(* Let $\mathsf X$ be a primitive cyclically reduced linear word in $\mathbb A_q$, and let $(i,j)$ and $(k,h)$ be linking pairs in $I(\mathsf X,\mathsf X)$ which are not equivalent under $\mathcal R(\mathsf X,\mathsf X)$. Let $p,q'$ be distinct positive integers with $p\ge3$ or $q'\ge3$. Then $\widehat{\mathsf X_i^p\mathsf X_j^{q'}}\neq\widehat{\mathsf X_k^p\mathsf X_h^{q'}}$.
   Context: Words. Fix $q\ge1$ and an alphabet $\mathbb A_q=\{a_1,\dots,a_q,\bar a_1,\dots,\bar a_q\}$ of $2q$ letters with a fixed linear order; set $\bar{\bar v}=v$. A linear word is a non-empty finite sequence $\mathsf V=v_0v_1\cdots v_{n-1}$ of letters, $n$ its length; subscripts are read modulo the length. $\bar{\mathsf V}=\bar v_{n-1}\cdots\bar v_0$. $\mathsf V$ is cyclically reduced if $v_i\ne\bar v_{i+1}$ for all $i$ (indices mod $n$). For an integer $j$, $\mathsf V_j=v_jv_{j+1}\cdots v_{n-1}v_0\cdots v_{j-1}$, and $\mathsf V_j^k$ means $(\mathsf V_j)^k$. Cyclic words are the equivalence classes of words under the equivalence generated by cyclic permutations and $\mathsf W\sim\mathsf Wv\bar v$ (conjugacy classes of the free group on $a_1,\dots,a_q$); $\widehat{\mathsf V}$ is the class of $\mathsf V$. A cyclically reduced word is primitive if it is not of the form $\mathsf U^r$ with $r\ge2$. Equivalence relation. For cyclically reduced $\mathsf V=v_0\cdots v_{n-1}$, $\mathsf W=w_0\cdots w_{m-1}$ let $I(\mathsf V,\mathsf W)=\{(j,k):0\le j<n,\,0\le k<m\}$ (entries read mod $n$ and mod $m$) and $\mathcal R(\mathsf V,\mathsf W)$ the equivalence relation generated by $(j,k)\sim(j+1,k+1)$ whenever $v_j=w_k$, and $(j+1,k)\sim(j,k+1)$ whenever $v_j=\bar w_k$. Sign. For reduced half-infinite words $\mathsf T=t_0t_1\cdots$, $\mathsf U=u_0u_1\cdots$, $\mathsf T<\mathsf U$ if $t_0<u_0$, or if for some $j\ge0$, $t_i=u_i$ for $0\le i\le j$ and $t_{j+1}$ precedes $u_{j+1}$ in the order obtained by cyclically permuting the order of $\mathbb A_q$ so that $\bar t_j$ is first. $\mathsf V^{\infty}=\mathsf V\mathsf V\cdots$, $\mathsf V^{-\infty}=\bar{\mathsf V}\bar{\mathsf V}\cdots$. A 4-tuple is cyclically ordered if some cyclic permutation of it is strictly increasing. $\mathsf s_{\mathsf V,\mathsf W}(i,j)=1$ if $(\mathsf V_i^\infty,\mathsf W_j^\infty,\mathsf V_i^{-\infty},\mathsf W_j^{-\infty})$ is cyclically ordered, $-1$ if $(\mathsf V_i^\infty,\mathsf W_j^{-\infty},\mathsf V_i^{-\infty},\mathsf W_j^{\infty})$ is cyclically ordered, $0$ otherwise. A pair $(i,j)\in I(\mathsf V,\mathsf W)$ is a linking pair if $\mathsf s_{\mathsf V,\mathsf W}(i,j)\neq0$. *)

theory Defs
  imports Main
begin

#####

▸ **ASSIGNMENT**: The entries above should be copied out exactly, with none left out.

▸ **ANSWER BOX**:
(* Let $\mathsf X$ be a primitive cyclically reduced linear word in $\mathbb A_q$, and let $(i,j)$ and $(k,h)$ be linking pairs in $I(\mathsf X,\mathsf X)$ which are not equivalent under $\mathcal R(\mathsf X,\mathsf X)$. Let $p,q'$ be distinct positive integers with $p\ge3$ or $q'\ge3$. Then $\widehat{\mathsf X_i^p\mathsf X_j^{q'}}\neq\widehat{\mathsf X_k^p\mathsf X_h^{q'}}$.
   Context: Words. Fix $q\ge1$ and an alphabet $\mathbb A_q=\{a_1,\dots,a_q,\bar a_1,\dots,\bar a_q\}$ of $2q$ letters with a fixed linear order; set $\bar{\bar v}=v$. A linear word is a non-empty finite sequence $\mathsf V=v_0v_1\cdots v_{n-1}$ of letters, $n$ its length; subscripts are read modulo the length. $\bar{\mathsf V}=\bar v_{n-1}\cdots\bar v_0$. $\mathsf V$ is cyclically reduced if $v_i\ne\bar v_{i+1}$ for all $i$ (indices mod $n$). For an integer $j$, $\mathsf V_j=v_jv_{j+1}\cdots v_{n-1}v_0\cdots v_{j-1}$, and $\mathsf V_j^k$ means $(\mathsf V_j)^k$. Cyclic words are the equivalence classes of words under the equivalence generated by cyclic permutations and $\mathsf W\sim\mathsf Wv\bar v$ (conjugacy classes of the free group on $a_1,\dots,a_q$); $\widehat{\mathsf V}$ is the class of $\mathsf V$. A cyclically reduced word is primitive if it is not of the form $\mathsf U^r$ with $r\ge2$. Equivalence relation. For cyclically reduced $\mathsf V=v_0\cdots v_{n-1}$, $\mathsf W=w_0\cdots w_{m-1}$ let $I(\mathsf V,\mathsf W)=\{(j,k):0\le j<n,\,0\le k<m\}$ (entries read mod $n$ and mod $m$) and $\mathcal R(\mathsf V,\mathsf W)$ the equivalence relation generated by $(j,k)\sim(j+1,k+1)$ whenever $v_j=w_k$, and $(j+1,k)\sim(j,k+1)$ whenever $v_j=\bar w_k$. Sign. For reduced half-infinite words $\mathsf T=t_0t_1\cdots$, $\mathsf U=u_0u_1\cdots$, $\mathsf T<\mathsf U$ if $t_0<u_0$, or if for some $j\ge0$, $t_i=u_i$ for $0\le i\le j$ and $t_{j+1}$ precedes $u_{j+1}$ in the order obtained by cyclically permuting the order of $\mathbb A_q$ so that $\bar t_j$ is first. $\mathsf V^{\infty}=\mathsf V\mathsf V\cdots$, $\mathsf V^{-\infty}=\bar{\mathsf V}\bar{\mathsf V}\cdots$. A 4-tuple is cyclically ordered if some cyclic permutation of it is strictly increasing. $\mathsf s_{\mathsf V,\mathsf W}(i,j)=1$ if $(\mathsf V_i^\infty,\mathsf W_j^\infty,\mathsf V_i^{-\infty},\mathsf W_j^{-\infty})$ is cyclically ordered, $-1$ if $(\mathsf V_i^\infty,\mathsf W_j^{-\infty},\mathsf V_i^{-\infty},\mathsf W_j^{\infty})$ is cyclically ordered, $0$ otherwise. A pair $(i,j)\in I(\mathsf V,\mathsf W)$ is a linking pair if $\mathsf s_{\mathsf V,\mathsf W}(i,j)\neq0$. *)

theory Defs
  imports Main
begin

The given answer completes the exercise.